# Finite trigonometric polynomial

I noticed by numerical and some explicit calculations for a few examples that for real-valued finitely supported functions $\phi \in L^2(\mathbb{R})$ we have that

$T(x):= \sum_{n \in \mathbb{Z}} |\hat{\phi}(x+2 \pi n)|^2$ is only a trigonometric polynomial $T(x) = a_0 + a_1 \cos( x) + ...+a_n \cos(n x)$ for some $n \in \mathbb{N}$ and coefficients $a_0,..,a_n.$

Now, the thing is that we apparently only have $T \in L^1([0,2\pi]),$ so it is not even clear to me that there is a Fourier series converging to $T$ at all. Despite, if there is one, then it is clear (by symmetry) that only $\cos$ terms should appear. Nevertheless, the thing that confused me most is that the Fourier expansion is apparently always finite. I guess this must be somehow related to the compact support of $\phi$. But it is not obvious to me where this actually comes from.

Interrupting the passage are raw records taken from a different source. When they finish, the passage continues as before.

lemma glued_orlicz:
  assumes "v \<in> unit_space gm gi"
  shows "glued v \<in> orlicz_space (lam v) \<Phi>"
proof (cases "v = u")
  case False
  then show ?thesis
    unfolding glued_off_centre[OF False]
    by (intro orlicz_space_sum[OF \<Phi>] orlicz_space_cmult[OF \<Phi>] f_orlicz[OF assms])
qed (simp add: glued_centre g)

lemma gauge_norm_glued_le:
  assumes v: "v \<in> unit_space gm gi"
  shows "gauge_norm (lam v) \<Phi> (glued v) \<le> k"
proof (cases "v = u")
  case False
  show ?thesis
    unfolding glued_off_centre[OF False]
  proof (rule gauge_norm_convex_combination_le[OF \<Phi> finite_atMost])
    fix n assume nonzero: "ladder_weight \<phi> n v \<noteq> 0"
    show "gauge_norm (lam v) \<Phi> (f n) \<le> k"
    proof (cases n)
      case (Suc m)
      then have "v \<in> W m"
        using ladder_weight_nonzero[OF nonzero] by simp
      then show ?thesis
        using f_bounded[OF _ v] Suc by simp
    qed (simp add: f_0 gauge_norm_zero[OF \<Phi>] k_nonneg)
  qed (use f_orlicz[OF v] ladder_weight_nonneg sum_ladder_weight_exit_index[OF False] in auto)
qed (simp add: glued_centre g_norm)

lemma gauge_norm_f_diff_le:
  assumes v: "v \<in> W (n - 1)" "v \<in> unit_space gm gi" and "1 \<le> m" "m \<le> n"
  shows "gauge_norm (lam v) \<Phi> (\<lambda>x. f n x - f m x) \<le> 2 * (1 / 2) ^ m"
proof -
  have "gauge_norm (lam v) \<Phi> (\<lambda>x. f n x - f m x)
      \<le> (\<Sum>j=m..<n. gauge_norm (lam v) \<Phi> (\<lambda>x. f (Suc j) x - f j x))"
    by (rule gauge_norm_telescope_le[OF \<Phi> f_orlicz[OF v(2)] \<open>m \<le> n\<close>])
  also have "\<dots> \<le> (\<Sum>j=m..<n. (1 / 2) ^ j)"
  proof (rule sum_mono)
    fix j assume j: "j \<in> {m..<n}"
    then have "W (n - 1) \<subseteq> W j"
      by (intro W_antimono) auto
    then have "v \<in> W j"
      using v(1) by blast
    then show "gauge_norm (lam v) \<Phi> (\<lambda>x. f (Suc j) x - f j x) \<le> (1 / 2) ^ j"
      using f_increment[OF _ v(2)] j \<open>1 \<le> m\<close> by (simp add: less_imp_le)
  qed
  also have "\<dots> \<le> 2 * (1 / 2) ^ m"
    by (rule sum_power_half_le)
  finally show ?thesis .
qed

lemma gauge_norm_glued_minus_f_le:
  assumes v: "v \<in> W m" "v \<in> unit_space gm gi" "v \<noteq> u" and "1 \<le> m"
  shows "gauge_norm (lam v) \<Phi> (\<lambda>x. glued v x - f m x) \<le> 2 * (1 / 2) ^ m"
proof -
  have "(\<lambda>x. glued v x - f m x) = (\<lambda>x. \<Sum>n\<le>exit_index v. ladder_weight \<phi> n v * (f n x - f m x))"
    using sum_ladder_weight_exit_index[OF v(3)]
    by (simp add: glued_off_centre[OF v(3)] right_diff_distrib sum_subtractf flip: sum_distrib_right)
  moreover have "gauge_norm (lam v) \<Phi> (\<lambda>x. \<Sum>n\<le>exit_index v. ladder_weight \<phi> n v * (f n x - f m x))
      \<le> 2 * (1 / 2) ^ m"
  proof (rule gauge_norm_convex_combination_le[OF \<Phi> finite_atMost])
    fix n assume nonzero: "ladder_weight \<phi> n v \<noteq> 0"
    then have "m \<le> n"
      using ladder_weight_below[OF v(1)] by (meson not_le)
    then show "gauge_norm (lam v) \<Phi> (\<lambda>x. f n x - f m x) \<le> 2 * (1 / 2) ^ m"
      using ladder_weight_nonzero[OF nonzero] \<open>1 \<le> m\<close>
      by (intro gauge_norm_f_diff_le[OF _ v(2) \<open>1 \<le> m\<close>]) auto
  qed (use orlicz_space_diff[OF \<Phi> f_orlicz[OF v(2)] f_orlicz[OF v(2)]] ladder_weight_nonneg
      sum_ladder_weight_exit_index[OF v(3)] in auto)
  ultimately show ?thesis
    by simp
qed

lemma glued_close_near_centre:
  assumes "0 < \<epsilon>"
  shows "\<exists>h\<in>Cc. \<exists>V. open V \<and> u \<in> V \<and>
    (\<forall>v \<in> V \<inter> unit_space gm gi. gauge_norm (lam v) \<Phi> (\<lambda>x. glued v x - h x) < \<epsilon>)"
proof -
  obtain m where m: "(1 / 2 :: real) ^ m < \<epsilon> / 2"
    using real_arch_pow_inv[of "\<epsilon> / 2" "1 / 2"] assms by auto
  have "2 * (1 / 2 :: real) ^ Suc m = (1 / 2) ^ m" "(1 / 2 :: real) ^ (Suc m + 2) = (1 / 2) ^ m / 8"
    by (simp_all add: power_add)
  then have small: "2 * (1 / 2 :: real) ^ Suc m < \<epsilon>" "(1 / 2 :: real) ^ (Suc m + 2) < \<epsilon>"
    using m zero_le_power[of "1 / 2 :: real" m] by linarith+
  have "gauge_norm (lam v) \<Phi> (\<lambda>x. glued v x - f (Suc m) x) < \<epsilon>"
    if v: "v \<in> W (Suc m) \<inter> unit_space gm gi" for v
  proof (cases "v = u")
    case True
    then show ?thesis
      using f_close[of "Suc m"] small(2) by (simp add: glued_centre)
  next
    case False
    then show ?thesis
      using gauge_norm_glued_minus_f_le[of v "Suc m"] v small(1) by simp
  qed
  then show ?thesis
    using f_Cc open_W centre_in_W by blast
qed

lemma glued_close_away_from_centre:
  assumes "u0 \<noteq> u"
  shows "\<exists>h\<in>Cc. \<exists>V. open V \<and> u0 \<in> V \<and>
    (\<forall>v \<in> V \<inter> unit_space gm gi. gauge_norm (lam v) \<Phi> (\<lambda>x. glued v x - h x) = 0)"
proof -
  obtain m V where V: "open V" "u0 \<in> V" "V \<inter> W m = {}"
    using separated_from_centre[OF assms] .
  define h where "h x = (\<Sum>n\<le>m. ladder_weight \<phi> n (range_map gm gi x) * f n x)" for x
  have "h \<in> Cc"
    unfolding h_def using continuous_on_range_map[OF groupoid] continuous_ladder_weight f_Cc
    by (intro Cc_sum Cc_mult_continuous) (auto intro: continuous_on_compose2)
  moreover have "gauge_norm (lam v) \<Phi> (\<lambda>x. glued v x - h x) = 0" if v: "v \<in> V \<inter> unit_space gm gi" for v
  proof -
    have "v \<noteq> u" "exit_index v \<le> m"
      using v V(3) centre_in_W exit_index_le by auto
    then have "glued v x = h x" if "range_map gm gi x = v" for x
      using that sum_ladder_weight_beyond_exit_index[of v m]
      by (simp add: glued_off_centre h_def)
    then have "AE x in lam v. glued v x - h x = 0"
      using left_haar_system_AE_range_fibre[OF haar, of v] v by (auto elim: eventually_mono)
    then show ?thesis
      using gauge_norm_cong_AE[of "\<lambda>x. glued v x - h x" "\<lambda>x. 0"] by (simp add: gauge_norm_zero[OF \<Phi>])
  qed
  ultimately show ?thesis
    using V(1,2) by blast
qed

lemma glued_vanishes_at_infinity:
  "\<exists>K. compact K \<and> K \<subseteq> unit_space gm gi \<and> (\<forall>v \<in> unit_space gm gi - K. glued v = (\<lambda>x. 0))"
proof (intro exI conjI ballI)
  show "compact (closure (W 0) \<inter> unit_space gm gi)"
    using compact_Int_closed[OF compact_closure_W0 closed_unit_space[OF groupoid]] .
  fix v assume "v \<in> unit_space gm gi - closure (W 0) \<inter> unit_space gm gi"
  then have "v \<notin> W 0"
    using closure_subset[of "W 0"] by blast
  then have "v \<noteq> u" "exit_index v = 0"
    using centre_in_W exit_index_le[of v 0] by auto
  then show "glued v = (\<lambda>x. 0)"
    by (simp add: glued_off_centre f_0)
qed simp

lemma glued_in_E0: "glued \<in> E0 gm gi lam \<Phi>"
  unfolding E0_def
proof (intro CollectI conjI ballI allI impI)
  fix u0 and \<epsilon> :: real assume "0 < \<epsilon>"
  show "\<exists>h\<in>Cc. \<exists>V. open V \<and> u0 \<in> V \<and>
      (\<forall>v \<in> V \<inter> unit_space gm gi. gauge_norm (lam v) \<Phi> (\<lambda>x. glued v x - h x) < \<epsilon>)"
  proof (cases "u0 = u")
    case True
    then show ?thesis
      using glued_close_near_centre[OF \<open>0 < \<epsilon>\<close>] by simp
  next
    case False
    then obtain h V where "h \<in> Cc" "open V" "u0 \<in> V"
      "\<forall>v \<in> V \<inter> unit_space gm gi. gauge_norm (lam v) \<Phi> (\<lambda>x. glued v x - h x) = 0"
      using glued_close_away_from_centre by blast
    then show ?thesis
      using \<open>0 < \<epsilon>\<close> by (intro bexI[of _ h] exI[of _ V]) auto
  qed
  obtain K where "compact K" "K \<subseteq> unit_space gm gi" "\<forall>v \<in> unit_space gm gi - K. glued v = (\<lambda>x. 0)"
    using glued_vanishes_at_infinity by blast
  then show "\<exists>K. compact K \<and> K \<subseteq> unit_space gm gi \<and>
      (\<forall>v \<in> unit_space gm gi - K. gauge_norm (lam v) \<Phi> (glued v) < \<epsilon>)"
    using \<open>0 < \<epsilon>\<close> by (intro exI[of _ K]) (simp add: gauge_norm_zero[OF \<Phi>])
qed (rule glued_orlicz)

lemma E0_norm_glued_le: "E0_norm gm gi lam \<Phi> glued \<le> k"
  unfolding E0_norm_def using unit_u gauge_norm_glued_le by (intro cSUP_least) auto

end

Does anybody know why this happens?

A very simple (I tested also harder ones) is

$$\phi(x) = \chi_{[-1,1]}$$

then $$\sum_{n \in \mathbb{Z}} |\sin^2(x+2\pi n)(x+2 \pi n)^{-2}| = \frac{1}{2}+ \frac{1}{2} \cos(x)$$

and now notice that $$\frac{1}{\pi} \int_{-\pi}^{\pi} \sum_{n \in \mathbb{Z}} |\sin^2(x+2\pi n)(x+2 \pi n)^{-2}| \cos(kx)dx$$ is equal to $1$ if $k=0$ and $\frac{1}{2}$ if $k=1$ and zero otherwise. So also the Fourier expansion is finite and agrees with the representation (notice that we have to divide the first Fourier coefficient by $\frac{1}{2}.$)

If we consider $\phi(x) =\chi_{[-n,n]}$ then this shows that exactly the first $k<2n$ integrals are non-zero and the $2n$ th Fourier coefficient will vanish. Thus, it seems as if we could try to state: The larger the support is, the more coefficients are non-zero.

• There is no reason whatsoever for $T$ to be a trigonometric polynomial, $T$ can be any non-negative periodic $L^1$ function. You just took special examples. Also, question of this type are much better suited for math.stackexchange.com. – Christian Remling May 25 '15 at 16:30
• @Christian Remling strange, how do you know that it can be any non-negative periodic $L^1$ function? – Physicist 2.0 May 25 '15 at 16:38
• I overlooked the "hat", this is of course not correct. The first half of that sentence is still true, though. – Christian Remling May 25 '15 at 16:43
• @ChristianRemling and how do you know that the first half is true – Physicist 2.0 May 25 '15 at 17:09

This is well known in basic wavelet theory. Here is an argument. For $f=\sum_n a_n\Phi(x-n)$ and $g=\sum_n b_n \Phi(x-n)$ calculate the scalar product $<f,g>$ using the Plancherel theorem. You get $\int_{-\infty}^\infty \hat f \overline{\hat g}\hat\Phi \overline{\hat \Phi}$. Since $\hat f$ and $\hat g$ are $2\pi$ periodic you write this as $\int_0^{2\pi} \hat f \overline{\hat g}\big(\sum_m|\hat \Phi(\xi+2\pi m)|^2)$. Now you look at $g=\Phi$ and $f=\Phi(x-k)$. Since functions have bounded support for big $k$ we have =0\$. This gives what we want.